theorem lemma3p11:
  fixes m :: nat and E :: "nat set" and s t :: "nat \<Rightarrow> nat"
    and \<pi> :: "nat \<Rightarrow> 'r::linordered_ring_strict" and i j :: nat
  assumes "P_graph m E s t \<pi>"
    and "i \<in> nodes m" and "j \<in> nodes m"
    and "edges_between E s t j i \<noteq> {}"
    and "laplacian m E s t \<pi> i j = 0"
  shows "\<exists>E' s' t' (\<pi>' :: nat \<Rightarrow> 'r).
           P_graph m E' s' t' \<pi>' \<and>
           (\<forall>a\<in>nodes m. \<forall>b\<in>nodes m. laplacian m E' s' t' \<pi>' a b = laplacian m E s t \<pi> a b) \<and>
           edges_between E' s' t' j i = {} \<and>
           split_from E s t \<pi> E' s' t' \<pi>' j i"
proof -
  obtain \<mu> where graph: "multidigraph m E s t" and partition: "edge_partition E s t \<pi> \<mu>"
    and balanced: "\<forall>e\<in>neg_edges E \<pi>. 0 \<le> \<pi> e + sum \<pi> (\<mu> e)"
    using assms(1) unfolding P_graph_def by blast
  have "i \<noteq> j"
    using assms(4) graph by (auto simp: edges_between_def multidigraph_def)
  moreover have "sum \<pi> (edges_between E s t j i) = 0"
    using assms(5) \<open>i \<noteq> j\<close> by (simp add: laplacian_def)
  ultimately interpret cancelling_pair m E s t \<pi> \<mu> i j
    using graph partition balanced by unfold_locales
  show ?thesis using reduced_P_graph_exists by blast
qed

end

=======

#### TASK STATEMENT
What lines above contain the word "Rightarrow"? Please copy each one.

#### ANSWER BOX
  fixes m :: nat and E :: "nat set" and s t :: "nat \<Rightarrow> nat"
    and \<pi> :: "nat \<Rightarrow> 'r::linordered_ring_strict" and i j :: nat
  shows "\<exists>E' s' t' (\<pi>' :: nat \<Rightarrow> 'r).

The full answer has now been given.